Yes, it seemed too cold in the brooder at night, certainly wasn’t 95, and that made me nervous. But I had a feeling radiant heat would prove better if I just stuck with it. Radiant heat seemed more natural, more like a mother hen, and that just had to be better than a clunky bright heat lamp dangling over their head.

Is Radiant Heat Better?

At one week old: The temperature in the brooder was 65, and the chicks weren’t huddled together trying to stay warm. They were playing, eating, and on and off congregating under the radiant heat brooder. No fuss, no worries, and no pasty butts, which is a common problem of chicks under stress during their first week of life.
I think chicks can take the cold a lot better than we think. I’ve seen hens take their chicks outside in 30 degree temperatures with no problem. So why do we need to stress over the perfect 95 degree law in the brooder? We don’t, plain and simple.
Here’s my Silkie Bantam chicks in perfect condition, raised using radiant heat in temperatures 25-30 degrees below the the recommended 95 degrees the first week. They’re five weeks old now and happy as can be.
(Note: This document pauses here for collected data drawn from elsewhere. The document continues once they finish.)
(* For every non-negative integer $n$, the number of partitions into an even number of distinct parts $\lambda_1>\lambda_2>\dots>\lambda_{2l}$ with $\lambda_1+\lambda_3+\dots+\lambda_{2l-1}=n$ equals the number of partitions of $n$ with non-negative crank. Equivalently, \[\sum_{\pi\in\mathcal{D}_e}q^{\mathcal{O}(\pi)}=\sum_{\pi\in\tilde C_{\ge0}}q^{|\pi|},\] where $\mathcal{D}_e$ is the set of partitions into an even number of distinct parts, $\mathcal{O}(\pi)$ is the sum of the odd-indexed parts of $\pi$, and $\tilde C_{\ge 0}$ is the set of partitions with crank $\ge 0$.
   Context: A partition is a finite weakly decreasing sequence of positive integers $(\lambda_1,\lambda_2,\dots)$; the empty partition has $0$ parts (an even number) and norm $0$. The crank of a partition $\pi$ is defined as: the largest part of $\pi$ if $1$ is not a part of $\pi$ (the empty partition has crank $0$); otherwise, (the number of parts of $\pi$ larger than the number of $1$'s in $\pi$) minus (the number of $1$'s in $\pi$). *)

theory Defs
  imports Main
begin

definition is_partition :: "nat list \<Rightarrow> bool" where
  "is_partition xs \<longleftrightarrow> sorted_wrt (\<ge>) xs \<and> (\<forall>x\<in>set xs. 0 < x)"

definition is_distinct_partition :: "nat list \<Rightarrow> bool" where
  "is_distinct_partition xs \<longleftrightarrow> sorted_wrt (>) xs \<and> (\<forall>x\<in>set xs. 0 < x)"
The trick is to watch your chicks, they will tell you if they are uncomfortable. Too hot and they will be scattered far from the heat source. Too cold and they will huddle together in a corner for warmth.  It doesn’t matter what the temperature is or where you live, baby chicks all communicate the same.

Note: If I thought radiant heat wasn’t enough during very cold spells, I would use a heat lamp near the brooder rather than right over them. This will help warm the air around the brooder box just enough to still encourage use of the radiant heat brooder within.

It’s all about behavior… watch and they will teach you how much heat they need. It’s just amazing to watch those fuzzy butts, they’re a wealth of information…  watch them, and you’ll see for yourself!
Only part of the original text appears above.